Required work: In the records below, find the lines that include "intro" and copy each.

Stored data
○ ○ ○

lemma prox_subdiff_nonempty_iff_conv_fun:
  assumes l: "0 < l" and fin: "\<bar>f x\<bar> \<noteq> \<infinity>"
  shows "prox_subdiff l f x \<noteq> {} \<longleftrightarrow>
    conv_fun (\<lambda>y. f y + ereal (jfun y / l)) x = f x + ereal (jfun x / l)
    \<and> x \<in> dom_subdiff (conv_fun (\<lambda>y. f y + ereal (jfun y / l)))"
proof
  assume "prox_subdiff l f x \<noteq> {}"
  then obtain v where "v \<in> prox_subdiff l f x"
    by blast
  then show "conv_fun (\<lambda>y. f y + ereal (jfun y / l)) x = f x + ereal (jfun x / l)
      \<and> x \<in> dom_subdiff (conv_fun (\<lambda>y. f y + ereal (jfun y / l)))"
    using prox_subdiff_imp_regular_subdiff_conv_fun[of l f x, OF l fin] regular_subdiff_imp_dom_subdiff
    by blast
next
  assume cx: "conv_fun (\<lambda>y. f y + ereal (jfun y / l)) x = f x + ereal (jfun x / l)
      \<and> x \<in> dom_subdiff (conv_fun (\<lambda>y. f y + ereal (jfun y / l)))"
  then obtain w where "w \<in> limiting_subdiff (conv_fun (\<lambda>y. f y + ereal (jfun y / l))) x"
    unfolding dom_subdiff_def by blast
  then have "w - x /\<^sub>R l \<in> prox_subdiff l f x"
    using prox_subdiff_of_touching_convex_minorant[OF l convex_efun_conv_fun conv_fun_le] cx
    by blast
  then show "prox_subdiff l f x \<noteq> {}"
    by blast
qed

○ ○ ○

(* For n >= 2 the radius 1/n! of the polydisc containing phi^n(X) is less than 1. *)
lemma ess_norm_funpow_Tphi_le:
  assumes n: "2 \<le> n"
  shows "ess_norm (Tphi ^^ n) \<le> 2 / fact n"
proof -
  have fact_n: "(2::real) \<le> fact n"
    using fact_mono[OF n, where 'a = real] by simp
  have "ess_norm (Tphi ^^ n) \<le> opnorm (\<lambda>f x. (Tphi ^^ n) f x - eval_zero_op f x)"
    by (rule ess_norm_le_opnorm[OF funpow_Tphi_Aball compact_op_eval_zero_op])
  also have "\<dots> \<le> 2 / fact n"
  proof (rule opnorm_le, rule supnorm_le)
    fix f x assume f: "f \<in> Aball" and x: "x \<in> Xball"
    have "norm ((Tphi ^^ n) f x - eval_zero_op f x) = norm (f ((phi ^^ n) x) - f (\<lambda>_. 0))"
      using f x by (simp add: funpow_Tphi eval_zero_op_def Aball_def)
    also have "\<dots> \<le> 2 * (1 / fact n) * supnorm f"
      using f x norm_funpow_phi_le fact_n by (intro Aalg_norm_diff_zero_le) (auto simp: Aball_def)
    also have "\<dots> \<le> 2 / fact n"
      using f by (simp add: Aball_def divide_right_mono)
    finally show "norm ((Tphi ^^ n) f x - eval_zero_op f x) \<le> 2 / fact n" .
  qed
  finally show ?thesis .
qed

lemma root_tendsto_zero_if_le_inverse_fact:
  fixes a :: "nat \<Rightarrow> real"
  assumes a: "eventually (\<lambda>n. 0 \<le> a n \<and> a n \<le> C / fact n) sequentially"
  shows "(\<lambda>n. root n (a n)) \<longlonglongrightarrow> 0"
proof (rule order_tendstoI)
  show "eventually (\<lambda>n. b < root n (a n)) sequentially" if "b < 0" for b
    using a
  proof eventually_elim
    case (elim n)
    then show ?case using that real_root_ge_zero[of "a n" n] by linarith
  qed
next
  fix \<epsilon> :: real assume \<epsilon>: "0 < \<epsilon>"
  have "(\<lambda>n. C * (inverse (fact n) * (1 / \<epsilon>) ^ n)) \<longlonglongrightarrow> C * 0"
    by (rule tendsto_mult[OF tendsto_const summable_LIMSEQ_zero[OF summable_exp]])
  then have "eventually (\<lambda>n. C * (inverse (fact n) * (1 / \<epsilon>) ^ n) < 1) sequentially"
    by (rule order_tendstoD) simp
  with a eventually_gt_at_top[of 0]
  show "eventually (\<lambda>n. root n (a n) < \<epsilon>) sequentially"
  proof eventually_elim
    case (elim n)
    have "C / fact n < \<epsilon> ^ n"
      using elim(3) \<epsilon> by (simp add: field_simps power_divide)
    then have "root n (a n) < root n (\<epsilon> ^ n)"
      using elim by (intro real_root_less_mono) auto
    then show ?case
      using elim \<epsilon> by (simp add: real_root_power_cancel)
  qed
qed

○ ○ ○

Answer box:
      using f x norm_funpow_phi_le fact_n by (intro Aalg_norm_diff_zero_le) (auto simp: Aball_def)
      using elim by (intro real_root_less_mono) auto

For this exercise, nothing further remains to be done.